私たちは安く性能のいいアンドロイドを提供するその方針に変わりはないのですが心春さんを見て新たな可能性を感じ、そして挑戦をしたいそう思わせてくれマシタ」
なんか凄いこと言ってるけど要は俺は現状のマーケティングにはマッチしてないけど違った可能性を感じるから挑戦したいってことか……あ、眠い。
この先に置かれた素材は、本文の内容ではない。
(* For every $k\ge0$ and every $j\in\{1,\dots,d\}$, the assignment $e_{(\gamma_1,\dots,\gamma_k)}\mapsto e_{(\gamma_1,\dots,\gamma_k,j)}$, $(\gamma_1,\dots,\gamma_k)\in\Lambda_k$, extends to a well-defined linear isometric embedding $J\colon\mathcal F_k\to\mathcal F_{k+1}$; equivalently, for all $\beta,\gamma\in\Lambda_k$, \[ (e_{(\beta_1,\dots,\beta_k,j)},e_{(\gamma_1,\dots,\gamma_k,j)})_{\mathcal F}=(e_\beta,e_\gamma)_{\mathcal F}. \]
   Context: Fix $d\ge 2$ and complex numbers $q_{ij}$, $1\le i\ne j\le d$, with $|q_{ij}|<1$ and $q_{ij}=\overline{q_{ji}}$. Let $W$ be the universal $C^*$-algebra generated by $s_1,\dots,s_d$ subject to $s_i^*s_i=I$ and $s_i^*s_j=q_{ij}s_js_i^*$ for $i\ne j$. Let $\Lambda_m=\{1,\dots,d\}^m$ (with $\Lambda_0=\{\emptyset\}$), $\Lambda^0=\bigcup_m\Lambda_m$; for finite $\alpha$, $s_\alpha=s_{\alpha_1}\cdots s_{\alpha_m}$, $s_\emptyset=I$. The Fock representation $\pi_F$ of $W$ acts on a Hilbert space $\mathcal F$ with unit vector $\Omega$ such that $\pi_F(s_j)^*\Omega=0$ for all $j$ and the vectors $e_\alpha=\pi_F(s_\alpha)\Omega$, $\alpha\in\Lambda^0$, span a dense subspace; $\mathcal F_k=\mathrm{span}\{e_\alpha:\alpha\in\Lambda_k\}$. *)

theory Defs
  imports Complex_Main
begin

text \<open>Complex Hilbert spaces are not available in the distribution, so we describe one
  explicitly: a type 'h carrying an additive group structure, a complex scalar
  multiplication sm and an inner product ip (conjugate-linear in the first argument,
  linear in the second).\<close>

definition complex_inner_space ::
  "(complex \<Rightarrow> 'h::ab_group_add \<Rightarrow> 'h) \<Rightarrow> ('h \<Rightarrow> 'h \<Rightarrow> complex) \<Rightarrow> bool" where
  "complex_inner_space sm ip \<longleftrightarrow>
     (\<forall>a x y. sm a (x + y) = sm a x + sm a y) \<and>
     (\<forall>a b x. sm (a + b) x = sm a x + sm b x) \<and>
     (\<forall>a b x. sm a (sm b x) = sm (a * b) x) \<and>
     (\<forall>x. sm 1 x = x) \<and>
     (\<forall>x y z. ip x (y + z) = ip x y + ip x z) \<and>
     (\<forall>a x y. ip x (sm a y) = a * ip x y) \<and>
     (\<forall>x y. ip y x = cnj (ip x y)) \<and>
     (\<forall>x. 0 \<le> Re (ip x x)) \<and>
     (\<forall>x. ip x x = 0 \<longrightarrow> x = 0)"

definition hnorm :: "('h \<Rightarrow> 'h \<Rightarrow> complex) \<Rightarrow> 'h \<Rightarrow> real" where
  "hnorm ip x = sqrt (Re (ip x x))"

definition complex_hilbert_space ::
  "(complex \<Rightarrow> 'h::ab_group_add \<Rightarrow> 'h) \<Rightarrow> ('h \<Rightarrow> 'h \<Rightarrow> complex) \<Rightarrow> bool" where
  "complex_hilbert_space sm ip \<longleftrightarrow> complex_inner_space sm ip \<and>
     (\<forall>X :: nat \<Rightarrow> 'h.
        (\<forall>\<epsilon>>0. \<exists>N. \<forall>m\<ge>N. \<forall>n\<ge>N. hnorm ip (X m - X n) < \<epsilon>) \<longrightarrow>
        (\<exists>L. (\<lambda>n. hnorm ip (X n - L)) \<longlonglongrightarrow> 0))"

definition bounded_op_with_adjoint ::
  "(complex \<Rightarrow> 'h::ab_group_add \<Rightarrow> 'h) \<Rightarrow> ('h \<Rightarrow> 'h \<Rightarrow> complex) \<Rightarrow> ('h \<Rightarrow> 'h) \<Rightarrow> ('h \<Rightarrow> 'h) \<Rightarrow> bool" where
  "bounded_op_with_adjoint sm ip T Tadj \<longleftrightarrow>
     (\<forall>x y. T (x + y) = T x + T y) \<and> (\<forall>a x. T (sm a x) = sm a (T x)) \<and>
     (\<exists>C. \<forall>x. hnorm ip (T x) \<le> C * hnorm ip x) \<and>
     (\<forall>x y. ip (T x) y = ip x (Tadj y))"

definition hspan :: "(complex \<Rightarrow> 'h::ab_group_add \<Rightarrow> 'h) \<Rightarrow> 'h set \<Rightarrow> 'h set" where
  "hspan sm S = {x. \<exists>F c. finite F \<and> F \<subseteq> S \<and> x = (\<Sum>v\<in>F. sm (c v) v)}"

definition hdense :: "('h::ab_group_add \<Rightarrow> 'h \<Rightarrow> complex) \<Rightarrow> 'h set \<Rightarrow> bool" where
  "hdense ip A \<longleftrightarrow> (\<forall>x. \<forall>\<epsilon>>0. \<exists>y\<in>A. hnorm ip (x - y) < \<epsilon>)"

text \<open>Multi-indices are lists over {1..d}; s_alpha = s_{alpha_1} ... s_{alpha_m}, so
  e_alpha = S alpha_1 (S alpha_2 (... (S alpha_m Omega))).\<close>
definition fock_vec :: "(nat \<Rightarrow> 'h \<Rightarrow> 'h) \<Rightarrow> 'h \<Rightarrow> nat list \<Rightarrow> 'h" where
  "fock_vec S \<Omega> \<alpha> = foldr S \<alpha> \<Omega>"

definition Lambda :: "nat \<Rightarrow> nat \<Rightarrow> nat list set" where
  "Lambda d m = {\<alpha>. length \<alpha> = m \<and> set \<alpha> \<subseteq> {1..d}}"

end

theory Submission
  imports Defs "HOL-Library.Multiset"
begin

text \<open>Moving S_b^* to the right through e_\<gamma> = S_{\<gamma>_1} \<dots> S_{\<gamma>_k} \<Omega>, each letter c \<noteq> b
  contributes a factor q b c, the first occurrence of b is cancelled by S_b^* S_b = I, and if b
  does not occur the vacuum kills the term. So S_b^* e_\<gamma> is a single scalar multiple of
  e_{\<gamma> without its first b}, which makes the vectors e_\<gamma> for distinct multisets of letters
  orthogonal, and gives a recursion for (e_\<beta>, e_\<gamma>) on the first letter of \<beta>. Appending j
  to both words does not change the prefix before the first b unless b occurs only in the
  appended letter, and that exceptional term vanishes by orthogonality; induction on the
  length finishes the proof.\<close>

locale q_commuting_isometries =
  fixes d :: nat and q :: "nat \<Rightarrow> nat \<Rightarrow> complex"
    and sm :: "complex \<Rightarrow> 'h::ab_group_add \<Rightarrow> 'h" and ip :: "'h \<Rightarrow> 'h \<Rightarrow> complex"
    and S Sadj :: "nat \<Rightarrow> 'h \<Rightarrow> 'h" and \<Omega> :: 'h
  assumes inner: "complex_inner_space sm ip"
    and ops: "\<And>i. i \<in> {1..d} \<Longrightarrow> bounded_op_with_adjoint sm ip (S i) (Sadj i)"
    and isom: "\<And>i x. i \<in> {1..d} \<Longrightarrow> Sadj i (S i x) = x"
    and comm: "\<And>i j x. i \<in> {1..d} \<Longrightarrow> j \<in> {1..d} \<Longrightarrow> i \<noteq> j \<Longrightarrow>
                 Sadj i (S j x) = sm (q i j) (S j (Sadj i x))"
    and vac: "\<And>j. j \<in> {1..d} \<Longrightarrow> Sadj j \<Omega> = 0"
begin

abbreviation e :: "nat list \<Rightarrow> 'h" where "e \<equiv> fock_vec S \<Omega>"

lemma sm_add: "sm a (x + y) = sm a x + sm a y"
  using inner unfolding complex_inner_space_def by blast

lemma sm_sm: "sm a (sm b x) = sm (a * b) x"
  using inner unfolding complex_inner_space_def by blast

lemma sm_zero: "sm a 0 = 0"
  using sm_add[of a 0 0] by simp

lemma ip_add: "ip x (y + z) = ip x y + ip x z"
  using inner unfolding complex_inner_space_def by blast

lemma ip_sm: "ip x (sm a y) = a * ip x y"
  using inner unfolding complex_inner_space_def by blast

lemma ip_cnj: "ip y x = cnj (ip x y)"
  using inner unfolding complex_inner_space_def by blast

lemma ip_zero: "ip x 0 = 0"
  using ip_add[of x 0 0] by simp

lemma S_add: "i \<in> {1..d} \<Longrightarrow> S i (x + y) = S i x + S i y"
  using ops unfolding bounded_op_with_adjoint_def by blast

lemma S_sm: "i \<in> {1..d} \<Longrightarrow> S i (sm a x) = sm a (S i x)"
  using ops unfolding bounded_op_with_adjoint_def by blast

lemma S_zero: "i \<in> {1..d} \<Longrightarrow> S i 0 = 0"
  using S_add[of i 0 0] by simp

lemma ip_S_left: "i \<in> {1..d} \<Longrightarrow> ip (S i x) y = ip x (Sadj i y)"
  using ops unfolding bounded_op_with_adjoint_def by blast

lemma fock_vec_Cons: "e (c # \<gamma>) = S c (e \<gamma>)"
  by (simp add: fock_vec_def)

lemma Sadj_fock_vec:
  assumes "b \<in> {1..d}" and "set \<gamma> \<subseteq> {1..d}"
  shows "Sadj b (e \<gamma>) =
    (if b \<in> set \<gamma> then sm (prod_list (map (q b) (takeWhile (\<lambda>c. c \<noteq> b) \<gamma>))) (e (remove1 b \<gamma>))
     else 0)"
  using assms(2)
proof (induction \<gamma>)
  case Nil
  then show ?case by (simp add: fock_vec_def vac[OF assms(1)])
next
  case (Cons c \<gamma>)
  then have c: "c \<in> {1..d}" by simp
  show ?case
  proof (cases "c = b")
    case True
    then show ?thesis
      using inner c by (simp add: fock_vec_Cons isom complex_inner_space_def)
  next
    case False
    have "Sadj b (e (c # \<gamma>)) = sm (q b c) (S c (Sadj b (e \<gamma>)))"
      using False assms(1) c by (simp add: fock_vec_Cons comm)
    then show ?thesis
      using Cons False c by (simp add: S_sm sm_sm S_zero sm_zero fock_vec_Cons)
  qed
qed

lemma ip_fock_vec_Cons:
  assumes "set (b # \<beta>) \<subseteq> {1..d}" and "set \<gamma> \<subseteq> {1..d}"
  shows "ip (e (b # \<beta>)) (e \<gamma>) =
    (if b \<in> set \<gamma> then prod_list (map (q b) (takeWhile (\<lambda>c. c \<noteq> b) \<gamma>)) * ip (e \<beta>) (e (remove1 b \<gamma>))
     else 0)"
  using assms by (simp add: fock_vec_Cons ip_S_left Sadj_fock_vec ip_sm ip_zero)

lemma fock_vec_orthogonal:
  assumes "set \<beta> \<subseteq> {1..d}" and "set \<gamma> \<subseteq> {1..d}" and "mset \<beta> \<noteq> mset \<gamma>"
  shows "ip (e \<beta>) (e \<gamma>) = 0"
  using assms
proof (induction \<beta> arbitrary: \<gamma>)
  case Nil
  then obtain c \<gamma>' where \<gamma>: "\<gamma> = c # \<gamma>'" and c: "c \<in> {1..d}"
    by (cases \<gamma>) auto
  have "ip \<Omega> (S c (e \<gamma>')) = cnj (ip (e \<gamma>') (Sadj c \<Omega>))"
    by (simp add: ip_cnj[of \<Omega>] ip_S_left[OF c])
  then show ?case
    by (simp add: \<gamma> fock_vec_Cons vac[OF c] ip_zero fock_vec_def)
next
  case (Cons b \<beta>)
  show ?case
  proof (cases "b \<in> set \<gamma>")
    case True
    have "mset \<beta> \<noteq> mset (remove1 b \<gamma>)"
      using Cons.prems(3) True by (auto simp: mset_remove1)
    moreover have "set (remove1 b \<gamma>) \<subseteq> {1..d}"
      using Cons.prems(2) set_remove1_subset by fastforce
    ultimately show ?thesis
      using Cons by (simp add: ip_fock_vec_Cons)
  qed (use Cons.prems in \<open>simp add: ip_fock_vec_Cons\<close>)
qed

lemma ip_fock_vec_snoc:
  assumes "j \<in> {1..d}" and "set \<beta> \<subseteq> {1..d}" and "set \<gamma> \<subseteq> {1..d}"
    and "length \<beta> = length \<gamma>"
  shows "ip (e (\<beta> @ [j])) (e (\<gamma> @ [j])) = ip (e \<beta>) (e \<gamma>)"
  using assms(2-4)
proof (induction \<beta> arbitrary: \<gamma>)
  case Nil
  then show ?case by (simp add: fock_vec_def ip_S_left[OF assms(1)] isom[OF assms(1)])
next
  case (Cons b \<beta>)
  have sets: "set ((b # \<beta>) @ [j]) \<subseteq> {1..d}" "set (\<gamma> @ [j]) \<subseteq> {1..d}"
    using Cons.prems assms(1) by auto
  consider (occurs) "b \<in> set \<gamma>" | (last) "b \<notin> set \<gamma>" "b = j" | (absent) "b \<notin> set \<gamma>" "b \<noteq> j"
    by blast
  then show ?case
  proof cases
    case occurs
    have "set (remove1 b \<gamma>) \<subseteq> {1..d}" "length \<beta> = length (remove1 b \<gamma>)"
      using Cons.prems occurs set_remove1_subset by (fastforce simp: length_remove1)+
    then have "ip (e (\<beta> @ [j])) (e (remove1 b \<gamma> @ [j])) = ip (e \<beta>) (e (remove1 b \<gamma>))"
      using Cons.IH Cons.prems(1) by simp
    then show ?thesis
      using occurs sets Cons.prems
      by (simp add: ip_fock_vec_Cons takeWhile_append1 remove1_append)
  next
    case last
    \<comment> \<open>the only surviving term pairs a word containing j with \<gamma>, which does not contain j\<close>
    have "ip (e (\<beta> @ [j])) (e \<gamma>) = 0"
      using last Cons.prems assms(1)
      by (intro fock_vec_orthogonal) (auto dest!: arg_cong[where f = set_mset])
    then show ?thesis
      using last sets Cons.prems by (simp add: ip_fock_vec_Cons remove1_append)
  next
    case absent
    then show ?thesis
      using sets Cons.prems by (simp add: ip_fock_vec_Cons)
  qed
qed

end

theorem mainTheorem2:
  fixes d :: nat and q :: "nat \<Rightarrow> nat \<Rightarrow> complex"
    and sm :: "complex \<Rightarrow> 'h::ab_group_add \<Rightarrow> 'h" and ip :: "'h \<Rightarrow> 'h \<Rightarrow> complex"
    and S Sadj :: "nat \<Rightarrow> 'h \<Rightarrow> 'h" and \<Omega> :: 'h
  assumes d: "d \<ge> 2"
    and q_small: "\<And>i j. i \<in> {1..d} \<Longrightarrow> j \<in> {1..d} \<Longrightarrow> i \<noteq> j \<Longrightarrow> cmod (q i j) < 1"
    and q_herm: "\<And>i j. i \<in> {1..d} \<Longrightarrow> j \<in> {1..d} \<Longrightarrow> i \<noteq> j \<Longrightarrow> q i j = cnj (q j i)"
    and hilbert: "complex_hilbert_space sm ip"
    and ops: "\<And>i. i \<in> {1..d} \<Longrightarrow> bounded_op_with_adjoint sm ip (S i) (Sadj i)"
    and isom: "\<And>i x. i \<in> {1..d} \<Longrightarrow> Sadj i (S i x) = x"
    and comm: "\<And>i j x. i \<in> {1..d} \<Longrightarrow> j \<in> {1..d} \<Longrightarrow> i \<noteq> j \<Longrightarrow>
                 Sadj i (S j x) = sm (q i j) (S j (Sadj i x))"
    and vac_unit: "ip \<Omega> \<Omega> = 1"
    and vac: "\<And>j. j \<in> {1..d} \<Longrightarrow> Sadj j \<Omega> = 0"
    and dense: "hdense ip (hspan sm (fock_vec S \<Omega> ` (\<Union>m. Lambda d m)))"
  shows "\<forall>k. \<forall>j\<in>{1..d}. \<forall>\<beta>\<in>Lambda d k. \<forall>\<gamma>\<in>Lambda d k.
           ip (fock_vec S \<Omega> (\<beta> @ [j])) (fock_vec S \<Omega> (\<gamma> @ [j])) =
           ip (fock_vec S \<Omega> \<beta>) (fock_vec S \<Omega> \<gamma>)"
proof -
  interpret q_commuting_isometries d q sm ip S Sadj \<Omega>
    using hilbert ops isom comm vac unfolding complex_hilbert_space_def
    by unfold_locales auto
  show ?thesis
    unfolding Lambda_def by (auto intro!: ip_fock_vec_snoc)
qed

end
筆記テストでも眠たかったが身体テストのお陰で覚醒した眠気がジャックさんの演説を聞いて振り返してきた。
頭をガクガク揺らし始める俺を母さんが少し揺らしながら背中をポンポン叩いてくれる。
「私と建造はこのテストを見て新たな──決め──た。愛は──実は──はな──建──夏……」
ああもうダメだ微睡みに片足を突っ込んでしまった後はズルズルと落ちていくしかない。もうジャックさんの言葉が聞き取れない。
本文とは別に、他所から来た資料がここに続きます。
(* In the setting of the context, let $i\in\{1,\dots,n\}$ and let $(x_1,y_1)$, $(x_2,y_2)$ be two distinct elements of $\mathfrak{X}_i$ with $0<y_1\le y_2$. Then $$\frac{y_2}{y_1}\ge \frac{1}{2Y_S+7/3}\max\big(1,|\beta_i(x_1,y_1)-m(x_1,y_1)|\big).$$
   Context: Setting: $n\ge3$; $F(x,y)=\sum_{i=0}^s a_ix^{n_i}y^{n-n_i}\in\mathbb{Z}[x,y]$ of degree $n$, irreducible over $\mathbb{Q}$, all $a_i\neq0$, $0=n_0<\dots<n_s=n$, discriminant $D$. $R=n^{800\log^2n}$; $h$ a positive integer and $\kappa>1$ an integer with $h\le |D|^{\frac{1}{2(n-1)(2+1/\kappa)}}/\big((3R)^{n/2}(ns)^{2s+n}\big)$; $Y_S=e^6s(ns)^{2s/n}h^{1/(\kappa n)}$. Write $F(x,y)=a\prod_{i=1}^n(x-\alpha_iy)$ ($\alpha_i$ the roots of $F(x,1)$) and $L_i(x,y)=x-\alpha_iy$. A "solution" is a pair $(x,y)\in\mathbb{Z}^2$ with $\gcd(x,y)=1$ and $1\le|F(x,y)|\le h$, with $(x,y)$ and $(-x,-y)$ identified. Assume there is a solution with $0\le y\le Y_S$, and fix one such, $(x_0,y_0)$, with $y_0\ge0$ minimal. Index the roots so that $|L_1(x_0,y_0)|=\min_i|L_i(x_0,y_0)|$. There is at most one solution $(x^*,y^* )$ with $0<y^*\le Y_S$ and $|L_1(x^*,y^* )|<1/(2Y_S)$; let $\mathbf{A}=\{(x_0,y_0)\}$ together with $(x^*,y^* )$ if it exists. For a primitive $(x,y)$ choose integers $x',y'$ with $x'y-xy'=1$ and set $\beta_j(x,y)=-L_j(x',y')/L_j(x,y)$ for $j=1,\dots,n$ (so that $F(ux+wx',uy+wy')=F(x,y)\prod_j(u-\beta_j(x,y)w)$), and let $m(x,y)$ be an integer with $|\mathrm{Re}\,\beta_1(x,y)-m(x,y)|\le 1/2$. For $1\le i\le n$, $\mathfrak{X}_i$ is the set of solutions $(x,y)\notin\mathbf{A}$ with $1\le y\le Y_S$ and $|L_i(x,y)|\le\frac{1}{2y}$. *)

theory Defs
  imports Complex_Main "HOL-Computational_Algebra.Polynomial"
begin

definition Fh :: "int poly \<Rightarrow> int \<Rightarrow> int \<Rightarrow> int" where
  "Fh f x y = (\<Sum>k\<le>degree f. coeff f k * x ^ k * y ^ (degree f - k))"

definition sterms :: "int poly \<Rightarrow> nat" where
  "sterms f = card {k. coeff f k \<noteq> 0} - 1"

definition disc_roots :: "int poly \<Rightarrow> (nat \<Rightarrow> complex) \<Rightarrow> complex" where
  "disc_roots f \<alpha> = of_int (lead_coeff f) ^ (2 * degree f - 2) *
     (\<Prod>i\<in>{1..degree f}. \<Prod>j\<in>{i<..degree f}. (\<alpha> i - \<alpha> j)^2)"

definition RR :: "nat \<Rightarrow> real" where
  "RR n = real n powr (800 * (ln (real n))^2)"

definition YS :: "nat \<Rightarrow> nat \<Rightarrow> int \<Rightarrow> int \<Rightarrow> real" where
  "YS n s h \<kappa> = exp 6 * real s * (real n * real s) powr (2 * real s / real n)
                  * real_of_int h powr (1 / (real_of_int \<kappa> * real n))"

definition Lf :: "(nat \<Rightarrow> complex) \<Rightarrow> nat \<Rightarrow> int \<Rightarrow> int \<Rightarrow> complex" where
  "Lf \<alpha> j x y = of_int x - \<alpha> j * of_int y"

text \<open>beta_j(x,y) = - L_j(x',y') / L_j(x,y), for a chosen completion (x',y') with x'y - xy' = 1.\<close>
definition beta :: "(nat \<Rightarrow> complex) \<Rightarrow> nat \<Rightarrow> int \<Rightarrow> int \<Rightarrow> int \<Rightarrow> int \<Rightarrow> complex" where
  "beta \<alpha> j x y x' y' = - Lf \<alpha> j x' y' / Lf \<alpha> j x y"

definition is_sol :: "int poly \<Rightarrow> int \<Rightarrow> int \<Rightarrow> int \<Rightarrow> bool" where
  "is_sol f h x y \<longleftrightarrow> coprime x y \<and> 1 \<le> \<bar>Fh f x y\<bar> \<and> \<bar>Fh f x y\<bar> \<le> h"

definition setA :: "int poly \<Rightarrow> int \<Rightarrow> (nat \<Rightarrow> complex) \<Rightarrow> real \<Rightarrow> int \<Rightarrow> int \<Rightarrow> (int \<times> int) set" where
  "setA f h \<alpha> Y x0 y0 = {(x0, y0)} \<union>
     {(x, y). is_sol f h x y \<and> 0 < y \<and> real_of_int y \<le> Y \<and> cmod (Lf \<alpha> 1 x y) < 1 / (2 * Y)}"

definition setX :: "int poly \<Rightarrow> int \<Rightarrow> (nat \<Rightarrow> complex) \<Rightarrow> real \<Rightarrow> int \<Rightarrow> int \<Rightarrow> nat \<Rightarrow> (int \<times> int) set" where
  "setX f h \<alpha> Y x0 y0 i = {(x, y). is_sol f h x y \<and> (x, y) \<notin> setA f h \<alpha> Y x0 y0 \<and>
      1 \<le> y \<and> real_of_int y \<le> Y \<and> cmod (Lf \<alpha> i x y) \<le> 1 / (2 * real_of_int y)}"

end

theory Submission
  imports Defs
begin

(* For two distinct primitive solutions the integer x2 y1 - x1 y2 is nonzero and equals
   y1 L_i(x2,y2) - y2 L_i(x1,y1); since |L_i(x2,y2)| <= 1/(2 y2), this forces
   y2 |L_i(x1,y1)| >= 1/2.  On the other hand beta_j(x1,y1) + y1'/y1 = -1/(y1 L_j(x1,y1))
   for every j, so beta_i and beta_1 both lie near the real number -y1'/y1.  As (x1,y1) is
   not in A we have |L_1(x1,y1)| >= 1/(2 Y_S), and m is within 1/2 of Re beta_1; together
   |beta_i - m| <= (2 y2 + 2 Y_S + y1/2) / y1.  The case y1 = y2 = 1 cannot occur: two
   distinct integers within 1/2 of alpha_i would make alpha_i their midpoint, a rational
   root of the irreducible F(x,1). *)

lemma irreducible_field_poly_no_root:
  fixes g :: "'a::field poly"
  assumes "irreducible g" and "degree g \<ge> 2"
  shows "poly g q \<noteq> 0"
proof
  assume "poly g q = 0"
  then obtain k where g: "g = [:-q, 1:] * k"
    by (auto simp: poly_eq_0_iff_dvd elim: dvdE)
  have "k \<noteq> 0" using g assms(2) by auto
  have "\<not> is_unit [:-q, 1:]" by (simp add: is_unit_iff_degree)
  then have "is_unit k" using irreducibleD[OF assms(1) g] by blast
  then have "degree k = 0" using \<open>k \<noteq> 0\<close> by (simp add: is_unit_iff_degree)
  moreover have "degree g = 1 + degree k"
    unfolding g using \<open>k \<noteq> 0\<close> by (subst degree_mult_eq) auto
  ultimately have "degree g = 1" by simp
  then show False using assms(2) by simp
qed

lemma int_poly_root_not_rat:
  fixes f :: "int poly"
  assumes "irreducible (map_poly rat_of_int f)" and "degree f \<ge> 2"
    and "poly (map_poly complex_of_int f) z = 0"
  shows "z \<notin> \<rat>"
proof
  assume "z \<in> \<rat>"
  then obtain q where z: "z = of_rat q" by (elim Rats_cases)
  have "poly (map_poly complex_of_int f) (of_rat q) = of_rat (poly (map_poly rat_of_int f) q)"
    by (simp add: poly_altdef degree_map_poly coeff_map_poly of_rat_sum of_rat_mult of_rat_power)
  then have "poly (map_poly rat_of_int f) q = 0"
    using assms(3) z by simp
  then show False
    using irreducible_field_poly_no_root[OF assms(1)] assms(2) by (simp add: degree_map_poly)
qed

lemma Lf_neq_0_if_not_rat:
  assumes "\<alpha> j \<notin> \<rat>" and "y \<noteq> 0"
  shows "Lf \<alpha> j x y \<noteq> 0"
proof
  assume "Lf \<alpha> j x y = 0"
  then have "\<alpha> j = of_int x / of_int y" using assms(2) by (simp add: Lf_def field_simps)
  then show False using assms(1) by simp
qed

lemma coprime_pairs_cross_neq_0:
  fixes x1 y1 x2 y2 :: int
  assumes "coprime x1 y1" "coprime x2 y2" "0 < y1" "0 < y2" "(x1, y1) \<noteq> (x2, y2)"
  shows "x2 * y1 - x1 * y2 \<noteq> 0"
proof
  assume "x2 * y1 - x1 * y2 = 0"
  then have e: "x2 * y1 = x1 * y2" by simp
  then have "y1 dvd y2" "y2 dvd y1" using assms(1,2)
    by (metis coprime_commute coprime_dvd_mult_right_iff dvd_triv_right)+
  then have "y1 = y2" using assms(3,4) by (simp add: zdvd_antisym_nonneg)
  then show False using e assms(3,5) by simp
qed

lemma one_le_cross_Lf:
  fixes x1 y1 x2 y2 :: int
  assumes "x2 * y1 - x1 * y2 \<noteq> 0" "0 \<le> y1" "0 \<le> y2"
  shows "1 \<le> y1 * cmod (Lf \<alpha> j x2 y2) + y2 * cmod (Lf \<alpha> j x1 y1)"
proof -
  have cross: "complex_of_int (x2 * y1 - x1 * y2) = of_int y1 * Lf \<alpha> j x2 y2 - of_int y2 * Lf \<alpha> j x1 y1"
    by (simp add: Lf_def algebra_simps)
  have "1 \<le> \<bar>real_of_int (x2 * y1 - x1 * y2)\<bar>" using assms(1) by linarith
  also have "\<dots> = cmod (of_int y1 * Lf \<alpha> j x2 y2 - of_int y2 * Lf \<alpha> j x1 y1)"
    unfolding cross[symmetric] by (rule norm_of_int[symmetric])
  also have "\<dots> \<le> cmod (of_int y1 * Lf \<alpha> j x2 y2) + cmod (of_int y2 * Lf \<alpha> j x1 y1)"
    by (rule norm_triangle_ineq4)
  also have "\<dots> = y1 * cmod (Lf \<alpha> j x2 y2) + y2 * cmod (Lf \<alpha> j x1 y1)"
    using assms(2,3) by (simp add: norm_mult)
  finally show ?thesis .
qed

lemma Lf_gap_principle:
  fixes x1 y1 x2 y2 :: int
  assumes "coprime x1 y1" and "coprime x2 y2" and "(x1, y1) \<noteq> (x2, y2)"
    and "0 < y1" and "y1 \<le> y2" and "cmod (Lf \<alpha> j x2 y2) \<le> 1 / (2 * real_of_int y2)"
  shows "1 / 2 \<le> y2 * cmod (Lf \<alpha> j x1 y1)"
proof -
  have "x2 * y1 - x1 * y2 \<noteq> 0" using coprime_pairs_cross_neq_0 assms(1-5) by simp
  then have "1 \<le> y1 * cmod (Lf \<alpha> j x2 y2) + y2 * cmod (Lf \<alpha> j x1 y1)"
    using assms(4,5) by (intro one_le_cross_Lf) auto
  moreover have "y1 * cmod (Lf \<alpha> j x2 y2) \<le> y2 * cmod (Lf \<alpha> j x2 y2)"
    using assms(5) by (intro mult_right_mono) auto
  moreover have "y2 * cmod (Lf \<alpha> j x2 y2) \<le> 1 / 2"
    using assms(4-6) by (simp add: field_simps)
  ultimately show ?thesis by linarith
qed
母さんに抱かれ懐かしさを感じながら眠りに落ちていく。
* * *
「ほわっ!?」
変な声と共に俺は目を覚ます。辺りを見回すと薄暗い部屋の中。落ち着く匂いと感触。
「家のベット……なのか?」
起き上がろうと右手をついてちょっとよろけてしまう。慌てて立とうとしすぎてしまった。
モゾモゾと布団から出て自分の格好を見ると寝巻きを着ていた。母さんが着せてくれたのだろうか。時計を見ると21時頃だと教えてくれる。
そのままトテトテとリビングに向かうため薄暗い廊下を歩いて、ドアを開けようとドアノブに手をかけるが手を止める。
「あなたは、どうするつもり?」
母さんの声が聞こえてくるのでドアノブから手を離し聞き耳をたてる。
「トラ、あなたは心春ちゃんが来て驚くほど変わったわ。それはとても素直に優しくね。正直嬉しかった。中学のころから反抗期になったのもあるのでしょうし自分の好きなことに没頭し始めたのもあると思うの。そのあなたが今こうして私の話にも真剣に向き合って聞いてくれる」
母さんの声しか聞こえない。おそらくトラは何も言えず黙っているのだろう。
「さっきも言ったけどそれは嬉しいことなの。でもね少し不安でもあるの。正直トラ……あなたはトラなの? って聞きたくなるくらいの大きな変化なの。
でも変わろうとしているあなたを親だからって邪魔することは出来ない。でも手助けは出来る。だから言うわね」
相変わらずトラは無言だ。そして母さんは何を言うつもりだ。再び聞き耳を立てる。
「あなたはあの4人の子をどうするつもり?」
「……これからも仲良くしていきたい」
「男女間の友情とか議論する気はないけどあの子達はトラに好意を寄せているのじゃないの? それに対してあなたはどうするの?
こんな話し親が言うことじゃないのは分かってる。でもトラあなたは恋愛に関して幼過ぎる気がするから言わせてもらうわよ」
「恋愛?」
ああもうダメだ! 俺はドアノブに手をかけドアを開ける。勢いよく入ってくる俺の姿に驚く母さんはトラをキツい目で見ていたのだろう。一瞬俺を見る目がキツかったがすぐにいつも俺を見る優しい目になり近付いてくると抱き上げられる。
「心春ちゃん起きたの? 体ダルくない?」
「大丈夫でしゅ。それよりもお母しゃん、トリャのことでしゅけど、こはりゅに任しぇてくりぇましぇんか?」
「心春ちゃんに?」
突然の提案に驚いた顔をする母さんに俺は大きく頷く。